Anti-death penalty charity report also highlights links with other repressive regimes, including EU-funded project in Egypt
Bahraini police leave after dispersing protesters during clashes in village of Shahrakkan, south of Manama earlier this year (AFP)

The UK's Foreign and Commonwealth Office funded training for hundreds of prison guards working at Bahrain's death row jail, according to a new report by Reprieve, an anti-death penalty charity.

The group also said that at least one innocent man faces imminent execution after being tortured into making a false confession.

A news release by Reprieve said: “Northern Ireland Co-operation Overseas (NI-CO), a state-owned Belfast business, received almost a million pounds in UK taxpayer money last year for work with Bahrain’s interior ministry.

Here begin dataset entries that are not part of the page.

lemma Inter_Lambda_subset:
  fixes scale :: "'r::comm_ring_1 \<Rightarrow> 'm::ab_group_add \<Rightarrow> 'm"
  assumes md: "module scale" and noeth: "noetherian_ring TYPE('r)"
    and M: "module.subspace scale M" and N: "module.subspace scale N"
    and Ass: "Ass scale M N = P ` {1..s}"
    and Lambda: "\<forall>i\<in>{1..s}. Q i \<in> Lambda scale (P i) N M"
  shows "M \<inter> (\<Inter>i\<in>{1..s}. Q i) \<subseteq> N"
proof (rule ccontr)
  assume not_sub: "\<not> ?thesis"
  have "module.subspace scale (Q i)" if "i \<in> {1..s}" for i
    using Lambda_primary[of "Q i" scale "P i" N M] Lambda that
    by (simp add: primary_submodule_def)
  then have "module.subspace scale (M \<inter> (\<Inter>i\<in>{1..s}. Q i))"
    using M by (intro module.subspace_inter[OF md] module.subspace_Int[OF md])
  then obtain y where "y \<in> M \<inter> (\<Inter>i\<in>{1..s}. Q i) - N"
    and prime: "prime_ideal {r. scale r y \<in> N}"
    using ex_prime_colon[OF md noeth _ N not_sub] by blast
  then have y: "y \<in> M" "\<forall>i\<in>{1..s}. y \<in> Q i"
    by auto
  have "{r. scale r y \<in> N} \<in> Ass scale M N"
    using y(1) prime by (auto simp: Ass_def)
  then obtain k where k: "k \<in> {1..s}" "P k = {r. scale r y \<in> N}"
    using Ass by (metis imageE)
  have "Q k \<in> Lambda scale (P k) N M"
    using Lambda k(1) by blast
  then obtain s' Q' P' k' where dec: "primary_decomposition scale M N s' Q' P'"
    and k': "k' \<in> {1..s'}" and "P' k' = P k" "Q' k' = Q k"
    by (rule Lambda_obtains_decomposition)
  then have "y \<notin> Q k"
    using primary_decomposition_prime_colon[OF md dec y(1) prime k'] k(2) by simp
  then show False
    using y(2) k(1) by blast
qed

lemma Inter_primary_irredundant:
  fixes scale :: "'r::comm_ring_1 \<Rightarrow> 'm::ab_group_add \<Rightarrow> 'm"
  assumes md: "module scale" and M: "module.subspace scale M"
    and fin: "finite A" and Ass: "Ass scale M N = P ` A" and inj: "inj_on P A"
    and primary: "\<forall>j\<in>A. primary_submodule scale M (Q j) (P j)" and i: "i \<in> A"
  shows "M \<inter> (\<Inter>j\<in>A - {i}. Q j) \<noteq> N"
proof
  assume N: "M \<inter> (\<Inter>j\<in>A - {i}. Q j) = N"
  have "P i \<in> Ass scale M N"
    using Ass i by blast
  then obtain x where x: "x \<in> M" "prime_ideal (P i)" "P i = {r. scale r x \<in> N}"
    by (auto simp: Ass_def)
  have "scale r x \<in> N \<longleftrightarrow> (\<forall>j\<in>A - {i}. scale r x \<in> Q j)" for r
    using N module.subspace_scale[OF md M x(1)] by blast
  then have "P i = {r. \<forall>j\<in>A - {i}. scale r x \<in> Q j}"
    using x(3) by simp
  moreover have "finite (A - {i})"
    using fin by simp
  ultimately obtain j where "j \<in> A - {i}" "P i = P j"
    using prime_colon_Inter_primary[OF md _ x(1,2)] primary by blast
  then show False
    using inj i by (auto dest: inj_onD)
qed
lemma finite_root: "finite R"
proof -
  have "0 < n (Suc k)" using is_type_n_ge_2[OF type, of k] by simp
  then show ?thesis using finite_subset[OF root_subset_block finite_block] by blast
qed

lemma root_or_block: "x \<in> F \<Longrightarrow> x \<in> R \<or> (\<exists>j<n (Suc k). x \<in> Fs j - R)"
  using union_blocks by blast

lemma block_of_mem:
  assumes "x \<in> F"
  obtains j where "j < n (Suc k)" "x \<in> Fs j"
  using root_or_block[OF assms] root_subset_block[of 0] is_type_n_ge_2[OF type, of k] by force

lemma card_block_diff_root: "i < n (Suc k) \<Longrightarrow> card (Fs i - R) = m k - r (Suc k)"
  using root_subset_block finite_root card_root card_block by (simp add: card_Diff_subset)

lemma block_diff_root_nonempty:
  assumes "i < n (Suc k)"
  shows "Fs i - R \<noteq> {}"
proof
  assume empty: "Fs i - R = {}"
  have "m k - r (Suc k) = 0" using card_block_diff_root[OF assms] unfolding empty by simp
  then show False using is_type_r_less[OF type, of k] by simp
qed

lemma blocks_increasing: "j < n (Suc k) \<Longrightarrow> i < j \<Longrightarrow> set_less (Fs i - R) (Fs j - R)"
proof (induction j)
  case 0
  then show ?case by simp
next
  case (Suc j)
  have step: "set_less (Fs j - R) (Fs (Suc j) - R)"
    using decomp Suc.prems unfolding is_decomp_def by blast
  show ?case
  proof (cases "i = j")
    case False
    then have before: "set_less (Fs i - R) (Fs j - R)" using Suc by simp
    obtain z where "z \<in> Fs j - R" using block_diff_root_nonempty[of j] Suc.prems by auto
    then show ?thesis
      using before step unfolding set_less_def by (meson order.strict_trans)
  qed (use step in simp)
qed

"In 2015 more than a dozen NI-CO experts worked with Bahrain’s prison staff at jails where systematic torture took place, and trained as many as 400 guards who work at Jau, which holds prisoners awaiting execution.

“NI-CO is embedded in Bahrain’s internal security apparatus, raising concerns about conflicts of interest.

"A victim could be abused by NI-CO trained police, tortured in prison by NI-CO trained guards, and then have their torture allegation investigated and dismissed by the NI-CO trained ombudsman".

Harriet McCulloch, deputy director of Reprieve’s death penalty team, said: “UK money is complicit in covering up torture in Bahrain. The Foreign Office needs to come clean about what it has paid NI-CO to do with a repressive regime like Bahrain”.

The report also highlighted NI-CO’s work with other repressive regimes, such as a €9m project in Egypt funded by the EU.

Reprieve has called on NI-CO to stop working with Bahrain’s Interior Ministry until the Gulf country “ratifies international laws against torture and allows independent UN inspections”.